WHAT IS BEING ASKED:
Both the line containing "even n \<and>" and the line containing "but misses \<open>e\<^sub>1\<close>" belong to the span. Output exactly that span from the listing below, and nothing outside it.

LISTED ENTRIES:
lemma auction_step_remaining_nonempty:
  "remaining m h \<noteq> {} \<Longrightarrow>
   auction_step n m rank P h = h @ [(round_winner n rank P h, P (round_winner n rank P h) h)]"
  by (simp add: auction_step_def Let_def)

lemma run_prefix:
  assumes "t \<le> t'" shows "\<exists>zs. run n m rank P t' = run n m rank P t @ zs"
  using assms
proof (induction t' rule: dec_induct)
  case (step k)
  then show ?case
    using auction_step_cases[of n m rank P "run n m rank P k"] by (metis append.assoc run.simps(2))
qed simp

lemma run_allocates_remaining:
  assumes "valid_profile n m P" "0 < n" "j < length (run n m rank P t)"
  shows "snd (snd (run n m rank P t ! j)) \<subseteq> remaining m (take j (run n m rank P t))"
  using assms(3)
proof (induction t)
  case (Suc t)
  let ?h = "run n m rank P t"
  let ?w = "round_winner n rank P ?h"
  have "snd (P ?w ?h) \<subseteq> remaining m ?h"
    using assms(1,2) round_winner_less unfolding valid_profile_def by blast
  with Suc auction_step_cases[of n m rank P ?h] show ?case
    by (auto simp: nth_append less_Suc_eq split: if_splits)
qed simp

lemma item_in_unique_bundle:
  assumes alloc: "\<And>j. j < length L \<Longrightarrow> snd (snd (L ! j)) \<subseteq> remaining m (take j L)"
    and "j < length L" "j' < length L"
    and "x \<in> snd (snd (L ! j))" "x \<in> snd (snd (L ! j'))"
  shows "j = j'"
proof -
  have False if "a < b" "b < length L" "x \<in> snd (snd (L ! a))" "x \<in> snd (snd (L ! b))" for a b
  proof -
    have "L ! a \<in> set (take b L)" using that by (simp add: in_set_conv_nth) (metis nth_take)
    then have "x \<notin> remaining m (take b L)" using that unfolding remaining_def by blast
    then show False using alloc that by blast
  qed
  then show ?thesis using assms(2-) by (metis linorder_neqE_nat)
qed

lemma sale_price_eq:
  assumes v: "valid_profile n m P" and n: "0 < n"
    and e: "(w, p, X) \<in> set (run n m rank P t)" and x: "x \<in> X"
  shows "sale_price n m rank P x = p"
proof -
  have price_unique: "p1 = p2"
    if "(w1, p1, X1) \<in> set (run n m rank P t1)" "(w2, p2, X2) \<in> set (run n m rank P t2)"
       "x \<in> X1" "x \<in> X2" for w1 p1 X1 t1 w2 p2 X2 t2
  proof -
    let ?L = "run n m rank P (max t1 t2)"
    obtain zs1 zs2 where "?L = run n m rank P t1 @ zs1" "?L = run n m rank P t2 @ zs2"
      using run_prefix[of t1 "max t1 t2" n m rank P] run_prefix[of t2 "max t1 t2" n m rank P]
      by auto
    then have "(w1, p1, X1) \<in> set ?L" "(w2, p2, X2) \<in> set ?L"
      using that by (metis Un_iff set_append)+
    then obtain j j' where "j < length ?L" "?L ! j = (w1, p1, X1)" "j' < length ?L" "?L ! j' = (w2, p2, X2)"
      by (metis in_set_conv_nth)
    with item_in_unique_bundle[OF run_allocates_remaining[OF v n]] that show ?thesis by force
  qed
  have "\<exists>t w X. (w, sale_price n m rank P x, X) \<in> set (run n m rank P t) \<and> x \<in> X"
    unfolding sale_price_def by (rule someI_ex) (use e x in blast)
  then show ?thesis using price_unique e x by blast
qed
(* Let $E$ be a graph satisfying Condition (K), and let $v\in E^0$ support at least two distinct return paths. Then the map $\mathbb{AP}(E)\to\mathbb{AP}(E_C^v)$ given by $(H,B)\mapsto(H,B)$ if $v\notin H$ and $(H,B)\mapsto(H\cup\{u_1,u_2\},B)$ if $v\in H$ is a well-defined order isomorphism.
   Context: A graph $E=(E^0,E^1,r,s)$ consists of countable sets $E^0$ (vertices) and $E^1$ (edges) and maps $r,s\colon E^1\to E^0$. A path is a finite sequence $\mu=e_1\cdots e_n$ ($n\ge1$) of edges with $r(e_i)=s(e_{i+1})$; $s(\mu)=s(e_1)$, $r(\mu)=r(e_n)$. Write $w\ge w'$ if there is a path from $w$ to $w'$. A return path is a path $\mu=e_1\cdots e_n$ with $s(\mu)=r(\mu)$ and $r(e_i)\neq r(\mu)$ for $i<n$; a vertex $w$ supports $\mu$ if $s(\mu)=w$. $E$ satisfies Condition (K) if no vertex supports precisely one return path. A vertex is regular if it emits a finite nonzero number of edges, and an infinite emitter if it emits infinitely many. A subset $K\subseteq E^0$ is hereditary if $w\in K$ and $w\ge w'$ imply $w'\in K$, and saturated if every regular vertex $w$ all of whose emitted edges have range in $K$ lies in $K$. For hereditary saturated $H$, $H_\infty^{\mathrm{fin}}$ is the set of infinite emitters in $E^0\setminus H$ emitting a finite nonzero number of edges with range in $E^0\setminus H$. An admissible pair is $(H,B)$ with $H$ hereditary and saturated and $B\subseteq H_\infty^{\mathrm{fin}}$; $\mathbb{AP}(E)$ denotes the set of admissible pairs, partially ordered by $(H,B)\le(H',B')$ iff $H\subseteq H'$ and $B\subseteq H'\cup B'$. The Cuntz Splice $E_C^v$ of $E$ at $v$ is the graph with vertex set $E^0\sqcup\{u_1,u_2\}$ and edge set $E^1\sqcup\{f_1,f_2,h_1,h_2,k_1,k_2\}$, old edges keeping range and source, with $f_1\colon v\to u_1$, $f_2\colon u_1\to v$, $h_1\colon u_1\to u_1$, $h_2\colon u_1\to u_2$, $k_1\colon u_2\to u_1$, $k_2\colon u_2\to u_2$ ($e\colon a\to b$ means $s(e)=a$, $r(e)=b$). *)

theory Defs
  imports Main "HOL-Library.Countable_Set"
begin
==
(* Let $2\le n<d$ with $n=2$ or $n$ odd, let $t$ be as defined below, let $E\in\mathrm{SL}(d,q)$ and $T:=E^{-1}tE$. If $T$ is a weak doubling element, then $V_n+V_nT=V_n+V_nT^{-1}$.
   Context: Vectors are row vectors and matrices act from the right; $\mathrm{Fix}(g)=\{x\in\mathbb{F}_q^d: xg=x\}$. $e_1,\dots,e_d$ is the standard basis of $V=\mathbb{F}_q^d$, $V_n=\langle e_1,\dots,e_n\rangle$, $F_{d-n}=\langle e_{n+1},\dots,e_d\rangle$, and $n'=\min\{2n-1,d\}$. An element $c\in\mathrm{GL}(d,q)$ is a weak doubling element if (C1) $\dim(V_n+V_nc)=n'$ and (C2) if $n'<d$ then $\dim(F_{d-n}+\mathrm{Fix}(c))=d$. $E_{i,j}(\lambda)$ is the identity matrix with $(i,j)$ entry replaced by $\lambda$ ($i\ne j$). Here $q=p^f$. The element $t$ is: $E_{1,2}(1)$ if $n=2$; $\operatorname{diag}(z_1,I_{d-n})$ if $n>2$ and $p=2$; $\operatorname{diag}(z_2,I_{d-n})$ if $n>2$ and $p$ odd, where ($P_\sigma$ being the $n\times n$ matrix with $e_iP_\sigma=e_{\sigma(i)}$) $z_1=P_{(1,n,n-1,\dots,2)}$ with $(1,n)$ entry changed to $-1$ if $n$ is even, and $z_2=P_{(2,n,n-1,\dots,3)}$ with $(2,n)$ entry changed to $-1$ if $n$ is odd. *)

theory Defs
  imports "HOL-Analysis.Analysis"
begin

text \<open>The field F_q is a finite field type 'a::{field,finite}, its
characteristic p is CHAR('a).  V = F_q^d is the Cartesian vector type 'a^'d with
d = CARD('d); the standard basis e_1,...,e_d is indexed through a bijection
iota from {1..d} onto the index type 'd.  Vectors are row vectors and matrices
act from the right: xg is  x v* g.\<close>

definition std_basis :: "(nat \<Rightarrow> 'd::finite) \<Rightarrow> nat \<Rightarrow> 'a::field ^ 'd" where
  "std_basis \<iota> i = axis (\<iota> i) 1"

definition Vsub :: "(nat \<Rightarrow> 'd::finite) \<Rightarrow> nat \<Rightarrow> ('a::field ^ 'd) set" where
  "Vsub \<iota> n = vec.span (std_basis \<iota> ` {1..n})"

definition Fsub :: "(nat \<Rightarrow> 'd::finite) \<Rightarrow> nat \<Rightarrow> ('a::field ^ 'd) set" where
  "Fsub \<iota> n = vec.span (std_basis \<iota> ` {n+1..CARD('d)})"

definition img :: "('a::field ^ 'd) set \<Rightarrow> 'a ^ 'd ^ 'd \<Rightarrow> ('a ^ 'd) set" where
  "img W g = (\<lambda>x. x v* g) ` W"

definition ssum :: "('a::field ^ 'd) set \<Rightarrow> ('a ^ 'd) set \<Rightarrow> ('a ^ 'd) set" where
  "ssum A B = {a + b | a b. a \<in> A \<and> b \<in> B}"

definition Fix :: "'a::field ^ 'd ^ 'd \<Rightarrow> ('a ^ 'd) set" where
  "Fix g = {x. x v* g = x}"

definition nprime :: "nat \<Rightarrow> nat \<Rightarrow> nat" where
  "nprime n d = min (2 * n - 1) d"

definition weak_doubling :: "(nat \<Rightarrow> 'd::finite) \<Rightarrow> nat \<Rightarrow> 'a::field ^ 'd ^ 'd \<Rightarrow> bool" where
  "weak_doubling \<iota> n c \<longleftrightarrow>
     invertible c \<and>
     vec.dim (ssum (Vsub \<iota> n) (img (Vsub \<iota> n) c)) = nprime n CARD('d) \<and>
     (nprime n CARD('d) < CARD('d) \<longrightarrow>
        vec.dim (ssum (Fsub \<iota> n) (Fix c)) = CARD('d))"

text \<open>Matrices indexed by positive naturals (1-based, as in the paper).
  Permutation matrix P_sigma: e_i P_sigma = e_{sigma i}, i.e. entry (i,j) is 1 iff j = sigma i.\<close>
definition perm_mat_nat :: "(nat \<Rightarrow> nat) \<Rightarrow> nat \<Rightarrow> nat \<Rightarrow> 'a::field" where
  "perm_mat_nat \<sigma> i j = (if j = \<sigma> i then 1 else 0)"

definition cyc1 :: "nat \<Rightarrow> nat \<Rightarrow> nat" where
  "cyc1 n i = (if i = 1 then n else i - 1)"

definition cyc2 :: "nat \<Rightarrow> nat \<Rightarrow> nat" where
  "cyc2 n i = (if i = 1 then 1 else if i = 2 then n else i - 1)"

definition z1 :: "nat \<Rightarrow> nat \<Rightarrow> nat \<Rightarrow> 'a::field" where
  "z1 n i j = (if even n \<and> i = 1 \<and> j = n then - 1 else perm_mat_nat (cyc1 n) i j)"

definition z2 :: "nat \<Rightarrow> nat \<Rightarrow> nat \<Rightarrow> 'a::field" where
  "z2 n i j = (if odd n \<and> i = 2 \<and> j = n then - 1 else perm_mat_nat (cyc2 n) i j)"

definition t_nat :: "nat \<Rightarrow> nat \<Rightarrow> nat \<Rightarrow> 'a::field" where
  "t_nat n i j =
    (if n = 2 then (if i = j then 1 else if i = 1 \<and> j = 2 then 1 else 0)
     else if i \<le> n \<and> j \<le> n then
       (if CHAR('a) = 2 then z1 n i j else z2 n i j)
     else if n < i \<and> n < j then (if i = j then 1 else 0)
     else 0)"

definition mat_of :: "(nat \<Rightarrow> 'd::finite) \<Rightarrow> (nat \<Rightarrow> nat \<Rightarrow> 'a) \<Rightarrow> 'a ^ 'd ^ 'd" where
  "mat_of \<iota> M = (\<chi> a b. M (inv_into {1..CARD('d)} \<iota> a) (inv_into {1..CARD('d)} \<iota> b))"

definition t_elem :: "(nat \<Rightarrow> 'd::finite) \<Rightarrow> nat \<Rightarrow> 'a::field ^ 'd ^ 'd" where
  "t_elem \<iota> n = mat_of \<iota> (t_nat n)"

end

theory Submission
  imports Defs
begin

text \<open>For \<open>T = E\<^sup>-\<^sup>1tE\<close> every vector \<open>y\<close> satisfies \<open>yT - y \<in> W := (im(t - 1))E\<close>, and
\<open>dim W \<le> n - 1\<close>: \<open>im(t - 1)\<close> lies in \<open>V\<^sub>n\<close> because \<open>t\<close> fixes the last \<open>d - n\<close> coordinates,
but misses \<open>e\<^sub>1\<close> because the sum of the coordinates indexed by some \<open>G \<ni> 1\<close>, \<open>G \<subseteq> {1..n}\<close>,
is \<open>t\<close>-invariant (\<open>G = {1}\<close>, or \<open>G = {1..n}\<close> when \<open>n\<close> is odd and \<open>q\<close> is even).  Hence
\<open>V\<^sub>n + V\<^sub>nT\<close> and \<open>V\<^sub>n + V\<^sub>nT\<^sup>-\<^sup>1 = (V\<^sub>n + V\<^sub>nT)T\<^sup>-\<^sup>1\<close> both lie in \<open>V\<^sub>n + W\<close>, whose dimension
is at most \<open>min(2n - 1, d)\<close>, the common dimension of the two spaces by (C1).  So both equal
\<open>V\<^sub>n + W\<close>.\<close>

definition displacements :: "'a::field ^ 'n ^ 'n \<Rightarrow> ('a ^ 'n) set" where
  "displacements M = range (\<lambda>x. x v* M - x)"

WORKED SOLUTION:
  "z1 n i j = (if even n \<and> i = 1 \<and> j = n then - 1 else perm_mat_nat (cyc1 n) i j)"

definition z2 :: "nat \<Rightarrow> nat \<Rightarrow> nat \<Rightarrow> 'a::field" where
  "z2 n i j = (if odd n \<and> i = 2 \<and> j = n then - 1 else perm_mat_nat (cyc2 n) i j)"

definition t_nat :: "nat \<Rightarrow> nat \<Rightarrow> nat \<Rightarrow> 'a::field" where
  "t_nat n i j =
    (if n = 2 then (if i = j then 1 else if i = 1 \<and> j = 2 then 1 else 0)
     else if i \<le> n \<and> j \<le> n then
       (if CHAR('a) = 2 then z1 n i j else z2 n i j)
     else if n < i \<and> n < j then (if i = j then 1 else 0)
     else 0)"

definition mat_of :: "(nat \<Rightarrow> 'd::finite) \<Rightarrow> (nat \<Rightarrow> nat \<Rightarrow> 'a) \<Rightarrow> 'a ^ 'd ^ 'd" where
  "mat_of \<iota> M = (\<chi> a b. M (inv_into {1..CARD('d)} \<iota> a) (inv_into {1..CARD('d)} \<iota> b))"

definition t_elem :: "(nat \<Rightarrow> 'd::finite) \<Rightarrow> nat \<Rightarrow> 'a::field ^ 'd ^ 'd" where
  "t_elem \<iota> n = mat_of \<iota> (t_nat n)"

end

theory Submission
  imports Defs
begin

text \<open>For \<open>T = E\<^sup>-\<^sup>1tE\<close> every vector \<open>y\<close> satisfies \<open>yT - y \<in> W := (im(t - 1))E\<close>, and
\<open>dim W \<le> n - 1\<close>: \<open>im(t - 1)\<close> lies in \<open>V\<^sub>n\<close> because \<open>t\<close> fixes the last \<open>d - n\<close> coordinates,
but misses \<open>e\<^sub>1\<close> because the sum of the coordinates indexed by some \<open>G \<ni> 1\<close>, \<open>G \<subseteq> {1..n}\<close>,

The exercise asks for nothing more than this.